• **What you should do**
Which lines of the data contain the string "also"? Show each of them.
== Source material ==
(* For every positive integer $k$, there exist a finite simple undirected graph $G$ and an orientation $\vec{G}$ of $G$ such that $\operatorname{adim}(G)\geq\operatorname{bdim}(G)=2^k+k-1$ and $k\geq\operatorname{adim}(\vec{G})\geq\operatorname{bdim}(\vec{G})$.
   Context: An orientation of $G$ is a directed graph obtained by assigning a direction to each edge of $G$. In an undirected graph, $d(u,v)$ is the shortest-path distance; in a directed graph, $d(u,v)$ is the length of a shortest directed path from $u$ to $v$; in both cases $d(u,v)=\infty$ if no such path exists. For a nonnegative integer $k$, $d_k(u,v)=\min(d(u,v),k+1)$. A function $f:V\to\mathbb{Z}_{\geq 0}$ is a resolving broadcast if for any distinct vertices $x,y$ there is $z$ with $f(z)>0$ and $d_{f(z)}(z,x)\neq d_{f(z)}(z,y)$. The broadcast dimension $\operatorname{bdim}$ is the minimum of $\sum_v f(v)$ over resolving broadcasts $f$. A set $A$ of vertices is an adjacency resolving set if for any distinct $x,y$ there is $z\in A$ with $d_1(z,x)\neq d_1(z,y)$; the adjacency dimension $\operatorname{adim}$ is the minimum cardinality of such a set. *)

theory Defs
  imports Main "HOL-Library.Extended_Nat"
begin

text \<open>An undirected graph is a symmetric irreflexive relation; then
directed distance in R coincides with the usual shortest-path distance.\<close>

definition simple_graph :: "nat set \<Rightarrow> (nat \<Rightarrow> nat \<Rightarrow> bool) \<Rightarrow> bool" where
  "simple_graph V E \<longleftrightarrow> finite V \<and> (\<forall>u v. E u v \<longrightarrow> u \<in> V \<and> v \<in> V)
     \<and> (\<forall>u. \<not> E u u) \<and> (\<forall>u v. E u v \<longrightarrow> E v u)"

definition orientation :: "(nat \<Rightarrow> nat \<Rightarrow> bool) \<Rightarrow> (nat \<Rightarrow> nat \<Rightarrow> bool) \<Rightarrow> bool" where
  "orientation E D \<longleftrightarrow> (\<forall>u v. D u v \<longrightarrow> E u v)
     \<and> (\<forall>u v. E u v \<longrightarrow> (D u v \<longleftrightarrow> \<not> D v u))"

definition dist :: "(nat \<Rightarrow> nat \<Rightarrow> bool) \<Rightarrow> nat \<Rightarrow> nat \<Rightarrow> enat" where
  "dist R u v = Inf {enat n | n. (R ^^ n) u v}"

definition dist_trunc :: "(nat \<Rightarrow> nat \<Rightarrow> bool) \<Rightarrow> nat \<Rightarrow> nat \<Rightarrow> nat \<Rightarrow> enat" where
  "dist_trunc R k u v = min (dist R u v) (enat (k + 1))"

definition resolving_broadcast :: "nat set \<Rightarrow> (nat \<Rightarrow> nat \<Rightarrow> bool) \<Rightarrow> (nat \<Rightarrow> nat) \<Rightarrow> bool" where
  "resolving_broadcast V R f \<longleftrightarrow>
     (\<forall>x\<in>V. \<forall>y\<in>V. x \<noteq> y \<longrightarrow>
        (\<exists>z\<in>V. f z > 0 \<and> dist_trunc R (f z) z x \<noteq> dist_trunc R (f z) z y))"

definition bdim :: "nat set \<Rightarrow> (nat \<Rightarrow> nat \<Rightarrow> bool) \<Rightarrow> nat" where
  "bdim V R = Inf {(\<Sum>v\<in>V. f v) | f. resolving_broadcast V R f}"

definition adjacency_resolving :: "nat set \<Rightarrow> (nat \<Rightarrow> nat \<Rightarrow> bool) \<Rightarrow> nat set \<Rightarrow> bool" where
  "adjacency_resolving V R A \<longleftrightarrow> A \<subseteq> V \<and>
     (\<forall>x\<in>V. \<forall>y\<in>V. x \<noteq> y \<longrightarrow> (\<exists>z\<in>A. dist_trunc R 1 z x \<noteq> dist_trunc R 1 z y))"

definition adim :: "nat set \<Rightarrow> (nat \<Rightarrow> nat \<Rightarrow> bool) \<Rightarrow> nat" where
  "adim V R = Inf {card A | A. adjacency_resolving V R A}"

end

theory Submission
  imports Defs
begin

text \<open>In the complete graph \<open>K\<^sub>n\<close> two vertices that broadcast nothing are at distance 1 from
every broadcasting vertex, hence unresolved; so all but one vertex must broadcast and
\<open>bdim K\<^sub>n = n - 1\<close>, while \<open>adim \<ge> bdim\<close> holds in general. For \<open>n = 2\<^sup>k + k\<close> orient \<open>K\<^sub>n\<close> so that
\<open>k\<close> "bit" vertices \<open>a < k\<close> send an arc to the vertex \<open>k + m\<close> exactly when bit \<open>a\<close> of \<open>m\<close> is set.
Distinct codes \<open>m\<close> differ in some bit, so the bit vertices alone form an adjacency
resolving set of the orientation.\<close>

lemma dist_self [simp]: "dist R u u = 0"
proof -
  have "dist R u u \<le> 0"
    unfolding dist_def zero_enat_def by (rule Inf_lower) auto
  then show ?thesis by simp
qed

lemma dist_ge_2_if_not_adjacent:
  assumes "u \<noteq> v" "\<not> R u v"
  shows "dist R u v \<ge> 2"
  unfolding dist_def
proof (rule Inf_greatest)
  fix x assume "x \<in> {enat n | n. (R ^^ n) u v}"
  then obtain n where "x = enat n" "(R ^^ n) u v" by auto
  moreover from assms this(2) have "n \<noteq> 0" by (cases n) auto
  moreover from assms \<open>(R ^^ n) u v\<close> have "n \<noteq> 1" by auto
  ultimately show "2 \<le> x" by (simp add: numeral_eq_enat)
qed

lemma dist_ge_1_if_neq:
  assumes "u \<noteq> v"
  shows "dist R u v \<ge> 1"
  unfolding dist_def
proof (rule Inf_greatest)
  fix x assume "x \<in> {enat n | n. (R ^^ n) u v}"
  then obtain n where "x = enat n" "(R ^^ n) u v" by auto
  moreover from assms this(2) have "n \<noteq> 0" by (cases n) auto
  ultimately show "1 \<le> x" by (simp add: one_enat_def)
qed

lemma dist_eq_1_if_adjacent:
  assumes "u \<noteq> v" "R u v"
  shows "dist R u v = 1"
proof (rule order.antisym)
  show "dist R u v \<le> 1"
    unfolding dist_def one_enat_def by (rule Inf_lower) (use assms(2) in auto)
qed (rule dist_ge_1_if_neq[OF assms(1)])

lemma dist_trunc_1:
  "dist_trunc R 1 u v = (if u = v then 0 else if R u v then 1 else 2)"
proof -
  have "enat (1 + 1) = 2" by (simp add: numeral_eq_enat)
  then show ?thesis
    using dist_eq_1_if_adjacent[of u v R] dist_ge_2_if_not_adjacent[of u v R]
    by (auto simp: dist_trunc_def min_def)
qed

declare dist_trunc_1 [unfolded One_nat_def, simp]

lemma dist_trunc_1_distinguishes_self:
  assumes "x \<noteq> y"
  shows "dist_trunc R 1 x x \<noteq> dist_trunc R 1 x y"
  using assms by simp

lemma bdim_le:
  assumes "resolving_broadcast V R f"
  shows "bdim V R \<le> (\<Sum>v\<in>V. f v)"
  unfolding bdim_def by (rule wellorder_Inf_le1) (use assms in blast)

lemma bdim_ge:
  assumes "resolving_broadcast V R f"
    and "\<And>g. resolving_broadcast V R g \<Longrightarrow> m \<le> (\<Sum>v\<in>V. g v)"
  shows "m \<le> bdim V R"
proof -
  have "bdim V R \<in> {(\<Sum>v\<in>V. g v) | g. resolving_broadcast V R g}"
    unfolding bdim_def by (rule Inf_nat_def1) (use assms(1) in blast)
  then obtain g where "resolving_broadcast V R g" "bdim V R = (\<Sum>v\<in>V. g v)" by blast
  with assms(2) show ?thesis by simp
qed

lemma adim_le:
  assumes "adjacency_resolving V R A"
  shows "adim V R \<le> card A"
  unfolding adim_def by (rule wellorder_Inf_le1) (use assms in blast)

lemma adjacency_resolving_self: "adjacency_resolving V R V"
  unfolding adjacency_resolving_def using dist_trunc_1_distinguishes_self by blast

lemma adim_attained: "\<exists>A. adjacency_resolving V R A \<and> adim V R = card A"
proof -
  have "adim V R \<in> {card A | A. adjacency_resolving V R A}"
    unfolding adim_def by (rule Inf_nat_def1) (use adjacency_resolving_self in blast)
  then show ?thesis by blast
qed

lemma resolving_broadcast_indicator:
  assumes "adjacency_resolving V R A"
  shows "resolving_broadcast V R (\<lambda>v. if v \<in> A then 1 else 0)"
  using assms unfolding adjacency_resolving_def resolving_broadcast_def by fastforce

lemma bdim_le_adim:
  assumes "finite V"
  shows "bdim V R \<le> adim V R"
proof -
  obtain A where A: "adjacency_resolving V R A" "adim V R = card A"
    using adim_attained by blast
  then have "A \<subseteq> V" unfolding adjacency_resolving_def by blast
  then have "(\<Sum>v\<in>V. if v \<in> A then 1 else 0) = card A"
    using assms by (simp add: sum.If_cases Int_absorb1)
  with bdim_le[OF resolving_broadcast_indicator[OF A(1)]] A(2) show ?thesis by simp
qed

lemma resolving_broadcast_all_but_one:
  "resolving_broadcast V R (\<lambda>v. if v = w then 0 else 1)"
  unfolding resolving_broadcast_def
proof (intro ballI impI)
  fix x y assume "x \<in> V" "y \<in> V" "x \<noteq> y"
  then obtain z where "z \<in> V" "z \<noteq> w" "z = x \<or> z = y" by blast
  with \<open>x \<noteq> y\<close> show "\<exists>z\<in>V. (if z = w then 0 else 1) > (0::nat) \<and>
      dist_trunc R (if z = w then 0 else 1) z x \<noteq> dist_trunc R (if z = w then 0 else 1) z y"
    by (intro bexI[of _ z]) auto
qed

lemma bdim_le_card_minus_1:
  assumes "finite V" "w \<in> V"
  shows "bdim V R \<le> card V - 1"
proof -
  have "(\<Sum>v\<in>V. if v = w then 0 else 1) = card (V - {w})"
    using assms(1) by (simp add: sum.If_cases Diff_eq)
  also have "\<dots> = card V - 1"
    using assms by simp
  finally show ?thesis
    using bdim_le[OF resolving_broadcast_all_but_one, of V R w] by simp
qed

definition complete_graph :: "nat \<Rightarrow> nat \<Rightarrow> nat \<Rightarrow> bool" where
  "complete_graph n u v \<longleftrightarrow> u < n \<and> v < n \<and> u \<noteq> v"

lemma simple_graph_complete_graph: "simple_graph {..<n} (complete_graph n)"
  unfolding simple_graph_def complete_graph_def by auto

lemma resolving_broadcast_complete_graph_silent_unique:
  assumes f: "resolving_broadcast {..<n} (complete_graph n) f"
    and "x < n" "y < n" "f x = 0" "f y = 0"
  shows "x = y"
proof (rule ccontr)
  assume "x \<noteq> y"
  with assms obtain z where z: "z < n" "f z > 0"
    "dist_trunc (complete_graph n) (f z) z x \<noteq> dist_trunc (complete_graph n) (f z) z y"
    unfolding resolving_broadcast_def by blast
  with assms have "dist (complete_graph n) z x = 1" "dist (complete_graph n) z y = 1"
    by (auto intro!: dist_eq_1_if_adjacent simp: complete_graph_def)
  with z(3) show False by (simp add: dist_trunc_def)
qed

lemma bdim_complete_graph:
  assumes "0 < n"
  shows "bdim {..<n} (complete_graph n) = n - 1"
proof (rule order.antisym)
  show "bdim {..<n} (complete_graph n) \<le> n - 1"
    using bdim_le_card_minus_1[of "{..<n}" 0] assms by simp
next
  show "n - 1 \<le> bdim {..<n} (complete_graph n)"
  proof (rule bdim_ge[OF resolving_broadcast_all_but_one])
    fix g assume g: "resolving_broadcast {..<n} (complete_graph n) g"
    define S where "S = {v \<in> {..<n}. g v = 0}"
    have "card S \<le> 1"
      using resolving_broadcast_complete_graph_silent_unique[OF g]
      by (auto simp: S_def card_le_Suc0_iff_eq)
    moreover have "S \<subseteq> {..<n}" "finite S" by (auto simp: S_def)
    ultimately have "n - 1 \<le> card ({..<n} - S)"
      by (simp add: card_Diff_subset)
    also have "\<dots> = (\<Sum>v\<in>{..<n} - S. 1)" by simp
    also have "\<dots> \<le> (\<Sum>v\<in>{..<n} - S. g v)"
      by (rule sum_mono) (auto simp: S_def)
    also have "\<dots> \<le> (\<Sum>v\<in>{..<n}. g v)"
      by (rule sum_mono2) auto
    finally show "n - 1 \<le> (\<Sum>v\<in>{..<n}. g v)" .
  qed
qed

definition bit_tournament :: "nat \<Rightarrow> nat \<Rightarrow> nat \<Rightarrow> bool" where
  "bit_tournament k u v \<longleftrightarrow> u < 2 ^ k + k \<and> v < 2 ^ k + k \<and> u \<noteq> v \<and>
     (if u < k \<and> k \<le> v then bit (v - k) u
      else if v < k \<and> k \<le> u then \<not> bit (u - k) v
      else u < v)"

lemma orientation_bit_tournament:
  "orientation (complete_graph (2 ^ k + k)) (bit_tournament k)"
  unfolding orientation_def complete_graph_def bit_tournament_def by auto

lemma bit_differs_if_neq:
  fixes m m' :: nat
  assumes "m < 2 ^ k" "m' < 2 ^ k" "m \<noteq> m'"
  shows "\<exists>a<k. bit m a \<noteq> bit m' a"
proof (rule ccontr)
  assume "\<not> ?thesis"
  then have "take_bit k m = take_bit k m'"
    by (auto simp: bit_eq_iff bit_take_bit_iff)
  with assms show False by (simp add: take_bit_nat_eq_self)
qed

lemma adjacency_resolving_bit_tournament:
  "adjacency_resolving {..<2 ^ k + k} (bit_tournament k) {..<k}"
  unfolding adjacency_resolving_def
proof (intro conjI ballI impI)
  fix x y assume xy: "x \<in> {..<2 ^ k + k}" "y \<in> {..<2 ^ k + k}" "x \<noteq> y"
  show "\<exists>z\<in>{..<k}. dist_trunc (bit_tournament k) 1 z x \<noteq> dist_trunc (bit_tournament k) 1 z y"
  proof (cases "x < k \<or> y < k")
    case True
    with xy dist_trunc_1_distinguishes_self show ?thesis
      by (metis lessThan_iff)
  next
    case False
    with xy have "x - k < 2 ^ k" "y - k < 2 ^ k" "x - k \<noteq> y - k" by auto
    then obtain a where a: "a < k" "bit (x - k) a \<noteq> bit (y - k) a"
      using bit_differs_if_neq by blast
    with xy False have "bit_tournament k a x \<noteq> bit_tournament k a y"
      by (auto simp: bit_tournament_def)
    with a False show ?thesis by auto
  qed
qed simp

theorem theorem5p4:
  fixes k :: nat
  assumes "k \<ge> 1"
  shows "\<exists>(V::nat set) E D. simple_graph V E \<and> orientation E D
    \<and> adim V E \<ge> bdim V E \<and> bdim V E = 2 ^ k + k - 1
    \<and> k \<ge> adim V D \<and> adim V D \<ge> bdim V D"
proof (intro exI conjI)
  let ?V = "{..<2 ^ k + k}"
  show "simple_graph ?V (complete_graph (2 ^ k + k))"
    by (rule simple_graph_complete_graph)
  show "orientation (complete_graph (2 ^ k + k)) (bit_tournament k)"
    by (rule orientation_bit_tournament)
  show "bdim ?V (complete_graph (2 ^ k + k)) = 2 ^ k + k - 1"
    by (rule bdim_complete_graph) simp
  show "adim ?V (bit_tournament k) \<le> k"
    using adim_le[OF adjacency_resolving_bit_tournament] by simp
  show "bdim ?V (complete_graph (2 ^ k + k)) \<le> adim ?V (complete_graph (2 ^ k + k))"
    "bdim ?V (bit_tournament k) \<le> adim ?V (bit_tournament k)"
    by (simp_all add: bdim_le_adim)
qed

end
===
• **Your solution**
  also have "\<dots> = card V - 1"
    also have "\<dots> = (\<Sum>v\<in>{..<n} - S. 1)" by simp
    also have "\<dots> \<le> (\<Sum>v\<in>{..<n} - S. g v)"
    also have "\<dots> \<le> (\<Sum>v\<in>{..<n}. g v)"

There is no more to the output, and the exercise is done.